Exercise prompt — Could you please return each line of the data that has the word "False"?

(Source records)
=== Section Start ===
(* Let $s$ be a positive integer, let $\mathcal F$ be a hypergraph on a vertex set $V$, and let $i$ be an integer with $0<i<|V|$ such that $\wp(\mathcal F,i)\le\frac{|\mathcal F|}{2^s|V|^{s-1}}$. Then there are at least $i^s$ tuples $U\in V^s$ with $|\mathcal F(U)|\ge\frac{|\mathcal F|}{(2|V|)^s}$.
   Context: For a vertex set $I$, $\mathcal F[I]=\{e\in\mathcal F:e\subseteq I\}$ and $\wp(\mathcal F,i)=\max_{|I|=i}|\mathcal F[I]|$. The link of a vertex set $I$ is $\mathcal F(I)=\{e\setminus I: I\subseteq e\in\mathcal F\}$ (a hypergraph on $V\setminus I$). For a tuple $U$ of vertices (entries may repeat), $|U|$ denotes the number of distinct vertices in $U$ and $\mathcal F(U)$ is the link of the set of distinct vertices of $U$. *)

theory Defs
  imports Complex_Main
begin

definition induced :: "'a set set \<Rightarrow> 'a set \<Rightarrow> 'a set set" where
  "induced F I = {e \<in> F. e \<subseteq> I}"

definition wp :: "'a set set \<Rightarrow> 'a set \<Rightarrow> nat \<Rightarrow> nat" where
  "wp F V i = Max {card (induced F I) | I. I \<subseteq> V \<and> card I = i}"

definition link :: "'a set set \<Rightarrow> 'a set \<Rightarrow> 'a set set" where
  "link F I = {e - I | e. e \<in> F \<and> I \<subseteq> e}"

end

theory Submission
  imports Defs
begin

text \<open>Grow the tuple one vertex at a time. Suppose the link of a vertex set A is large,
  \<open>|F(A)| \<ge> 2 \<wp>(F,i)\<close>. Every edge containing A either lies inside a given i-set I, or
  contains A together with a vertex outside I; hence \<open>|F(A)| \<le> \<wp>(F,i) + \<Sum>\<^sub>v\<^sub>\<notin>\<^sub>I |F(A \<union> {v})|\<close>.
  So if fewer than i vertices v had \<open>|F(A \<union> {v})| \<ge> |F(A)|/(2|V|)\<close>, an i-set containing all
  of them would give \<open>|F(A)| < |F(A)|/2 + |F(A)|/2\<close>. Thus every tuple whose link has size at
  least \<open>|F|/(2|V|)\<^sup>t\<close>, t < s, extends in at least i ways to such a tuple of length t + 1.\<close>

lemma card_link: "card (link F I) = card {e \<in> F. I \<subseteq> e}"
proof -
  have "link F I = (\<lambda>e. e - I) ` {e \<in> F. I \<subseteq> e}" unfolding link_def by auto
  moreover have "inj_on (\<lambda>e. e - I) {e \<in> F. I \<subseteq> e}"
    by (rule inj_onI) blast
  ultimately show ?thesis by (simp add: card_image)
qed

lemma card_induced_le_wp:
  assumes "finite V" and "I \<subseteq> V" and "card I = i"
  shows "card (induced F I) \<le> wp F V i"
proof -
  have "{card (induced F I) |I. I \<subseteq> V \<and> card I = i} \<subseteq> (\<lambda>I. card (induced F I)) ` Pow V"
    by auto
  then have "finite {card (induced F I) |I. I \<subseteq> V \<and> card I = i}"
    using \<open>finite V\<close> finite_subset by blast
  then show ?thesis
    unfolding wp_def by (rule Max_ge) (use assms in blast)
qed

lemma card_link_le_induced_plus_links:
  assumes "finite V" and "\<forall>e\<in>F. e \<subseteq> V"
  shows "card (link F A) \<le> card (induced F I) + (\<Sum>v\<in>V - I. card (link F (insert v A)))"
proof -
  have "finite F"
    using assms finite_Pow_iff finite_subset[of F "Pow V"] by blast
  have "{e \<in> F. A \<subseteq> e} \<subseteq> induced F I \<union> (\<Union>v\<in>V - I. {e \<in> F. insert v A \<subseteq> e})"
    using assms(2) by (auto simp: induced_def)
  moreover have "finite (induced F I \<union> (\<Union>v\<in>V - I. {e \<in> F. insert v A \<subseteq> e}))"
    by (rule finite_subset[OF _ \<open>finite F\<close>]) (auto simp: induced_def)
  ultimately have "card {e \<in> F. A \<subseteq> e}
      \<le> card (induced F I \<union> (\<Union>v\<in>V - I. {e \<in> F. insert v A \<subseteq> e}))"
    by (intro card_mono)
  also have "\<dots> \<le> card (induced F I) + card (\<Union>v\<in>V - I. {e \<in> F. insert v A \<subseteq> e})"
    by (rule card_Un_le)
  also have "card (\<Union>v\<in>V - I. {e \<in> F. insert v A \<subseteq> e})
      \<le> (\<Sum>v\<in>V - I. card {e \<in> F. insert v A \<subseteq> e})"
    by (rule card_UN_le) (use \<open>finite V\<close> in auto)
  finally show ?thesis by (simp add: card_link)
qed

lemma many_heavy_vertices:
  assumes "finite V" and "\<forall>e\<in>F. e \<subseteq> V" and "i < card V"
    and "real (wp F V i) \<le> real (card (link F A)) / 2"
  shows "i \<le> card {v \<in> V. real (card (link F A))
                    \<le> 2 * real (card V) * real (card (link F (insert v A)))}"
    (is "i \<le> card ?H")
proof (rule ccontr)
  assume "\<not> i \<le> card ?H"
  moreover have "?H \<subseteq> V" by blast
  ultimately obtain I where "?H \<subseteq> I" "I \<subseteq> V" "card I = i"
    using exists_subset_between[of ?H i V] assms(1,3) by auto
  define a where "a = real (card (link F A)) / (2 * real (card V))"
  have "card V > 0" using assms(3) by simp
  have "V - I \<noteq> {}"
  proof
    assume "V - I = {}"
    then have "card V \<le> card I"
      using \<open>I \<subseteq> V\<close> \<open>finite V\<close> by (intro card_mono) (auto intro: finite_subset)
    then show False using \<open>card I = i\<close> assms(3) by simp
  qed
  have "(\<Sum>v\<in>V - I. real (card (link F (insert v A)))) < (\<Sum>v\<in>V - I. a)"
  proof (rule sum_strict_mono)
    fix v assume "v \<in> V - I"
    then have "2 * real (card V) * real (card (link F (insert v A))) < real (card (link F A))"
      using \<open>?H \<subseteq> I\<close> by auto
    then show "real (card (link F (insert v A))) < a"
      using \<open>card V > 0\<close> by (simp add: a_def field_simps)
  qed (use \<open>finite V\<close> \<open>V - I \<noteq> {}\<close> in auto)
  also have "\<dots> = real (card (V - I)) * a" by simp
  also have "\<dots> \<le> real (card V) * a"
    by (rule mult_right_mono) (use card_mono[OF \<open>finite V\<close>, of "V - I"] in \<open>auto simp: a_def\<close>)
  also have "\<dots> = real (card (link F A)) / 2"
    using \<open>card V > 0\<close> by (simp add: a_def)
  finally have "(\<Sum>v\<in>V - I. real (card (link F (insert v A)))) < real (card (link F A)) / 2" .
  moreover have "real (card (link F A))
      \<le> real (card (induced F I)) + (\<Sum>v\<in>V - I. real (card (link F (insert v A))))"
    using card_link_le_induced_plus_links[OF assms(1,2), of A I]
    by (metis of_nat_add of_nat_le_iff of_nat_sum)
  moreover have "card (induced F I) \<le> wp F V i"
    using card_induced_le_wp[OF assms(1) \<open>I \<subseteq> V\<close> \<open>card I = i\<close>] .
  ultimately show False using assms(4) by linarith
qed

lemma card_extensions_ge:
  assumes "finite C"
    and "\<And>W. W \<in> A \<Longrightarrow> i \<le> card (B W)"
    and "\<And>W v. W \<in> A \<Longrightarrow> v \<in> B W \<Longrightarrow> W @ [v] \<in> C"
  shows "card A * i \<le> card C"
proof (cases "finite A")
  case True
  have "finite (B W)" if "W \<in> A" for W
  proof (rule finite_imageD)
    show "finite ((\<lambda>v. W @ [v]) ` B W)"
      by (rule finite_subset[OF _ assms(1)]) (use that assms(3) in auto)
  qed (simp add: inj_on_def)
  have "card A * i = (\<Sum>W\<in>A. i)" by simp
  also have "\<dots> \<le> (\<Sum>W\<in>A. card (B W))" by (rule sum_mono) (rule assms(2))
  also have "\<dots> = card (Sigma A B)"
    using True \<open>\<And>W. W \<in> A \<Longrightarrow> finite (B W)\<close> by simp
  also have "\<dots> = card ((\<lambda>(W, v). W @ [v]) ` Sigma A B)"
    by (rule card_image[symmetric]) (auto simp: inj_on_def)
  also have "\<dots> \<le> card C"
    by (rule card_mono) (use assms(1,3) in auto)
  finally show ?thesis .
qed simp

lemma threshold_le_half_layer:
  fixes m n :: real
  assumes "t < s" and "n \<ge> 1" and "m \<ge> 0"
  shows "m / (2 ^ s * n ^ (s - 1)) \<le> (m / (2 * n) ^ t) / 2"
proof -
  have "(2::real) ^ Suc t \<le> 2 ^ s"
    by (rule power_increasing) (use assms in auto)
  moreover have "n ^ t \<le> n ^ (s - 1)"
    by (rule power_increasing) (use assms in auto)
  ultimately have "(2::real) ^ Suc t * n ^ t \<le> 2 ^ s * n ^ (s - 1)"
    by (rule mult_mono) (use assms in auto)
  then have "m / (2 ^ s * n ^ (s - 1)) \<le> m / (2 ^ Suc t * n ^ t)"
    by (intro divide_left_mono) (use assms in auto)
  also have "\<dots> = (m / (2 * n) ^ t) / 2" by (simp add: power_mult_distrib)
  finally show ?thesis .
qed

lemma many_heavy_tuples:
  assumes "finite V" and "\<forall>e\<in>F. e \<subseteq> V" and "i < card V" and "t \<le> s"
    and "real (wp F V i) \<le> real (card F) / (2 ^ s * real (card V) ^ (s - 1))"
  shows "i ^ t \<le> card {U. length U = t \<and> set U \<subseteq> V \<and>
            real (card (link F (set U))) \<ge> real (card F) / (2 * real (card V)) ^ t}"
  using \<open>t \<le> s\<close>
proof (induction t)
  case 0
  have "link F {} = F" by (auto simp: link_def)
  then have "{U. length U = 0 \<and> set U \<subseteq> V \<and>
      real (card (link F (set U))) \<ge> real (card F) / (2 * real (card V)) ^ 0} = {[]}"
    by auto
  then show ?case by simp
next
  case (Suc t)
  define n where "n = real (card V)"
  have "n \<ge> 1" using assms(3) by (simp add: n_def)
  define G where "G t = {U. length U = t \<and> set U \<subseteq> V \<and>
      real (card (link F (set U))) \<ge> real (card F) / (2 * n) ^ t}" for t
  define heavy where "heavy W = {v \<in> V. real (card (link F (set W)))
      \<le> 2 * n * real (card (link F (insert v (set W))))}" for W
  have "finite (G (Suc t))"
    using finite_lists_length_eq[OF assms(1), of "Suc t"]
    by (rule finite_subset[rotated]) (auto simp: G_def)
  moreover have "i \<le> card (heavy W)" if "W \<in> G t" for W
  proof -
    have "real (wp F V i) \<le> real (card (link F (set W))) / 2"
      using assms(5) threshold_le_half_layer[of t s n "real (card F)"] Suc.prems \<open>n \<ge> 1\<close> that
      by (simp add: G_def n_def)
    then show ?thesis
      unfolding heavy_def n_def by (rule many_heavy_vertices[OF assms(1-3)])
  qed
  moreover have "W @ [v] \<in> G (Suc t)" if "W \<in> G t" "v \<in> heavy W" for W v
  proof -
    have "real (card F) / (2 * n) ^ Suc t = (real (card F) / (2 * n) ^ t) / (2 * n)" by simp
    also have "\<dots> \<le> real (card (link F (set W))) / (2 * n)"
      by (rule divide_right_mono) (use that \<open>n \<ge> 1\<close> in \<open>auto simp: G_def\<close>)
    also have "\<dots> \<le> real (card (link F (insert v (set W))))"
      using that(2) \<open>n \<ge> 1\<close> by (simp add: heavy_def field_simps)
    finally show ?thesis using that by (auto simp: G_def heavy_def)
  qed
  ultimately have "card (G t) * i \<le> card (G (Suc t))"
    by (rule card_extensions_ge)
  moreover have "i ^ t \<le> card (G t)"
    using Suc by (simp add: G_def n_def)
  ultimately have "i ^ Suc t \<le> card (G (Suc t))"
    by (metis mult_le_mono1 order_trans power_Suc2)
  then show ?case by (simp add: G_def n_def)
qed

theorem lemma2p3:
  fixes F :: "'a set set" and V :: "'a set" and s i :: nat
  assumes "finite V"
    and "\<forall>e\<in>F. e \<subseteq> V"
    and "s > 0"
    and "0 < i" and "i < card V"
    and "real (wp F V i) \<le> real (card F) / (2 ^ s * real (card V) ^ (s - 1))"
  shows "card {U :: 'a list. length U = s \<and> set U \<subseteq> V \<and>
            real (card (link F (set U))) \<ge> real (card F) / (2 * real (card V)) ^ s} \<ge> i ^ s"
  using many_heavy_tuples[OF assms(1,2,5) order_refl assms(6)] .

end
=== Section End ===
Solution —
    then show False using \<open>card I = i\<close> assms(3) by simp
  ultimately show False using assms(4) by linarith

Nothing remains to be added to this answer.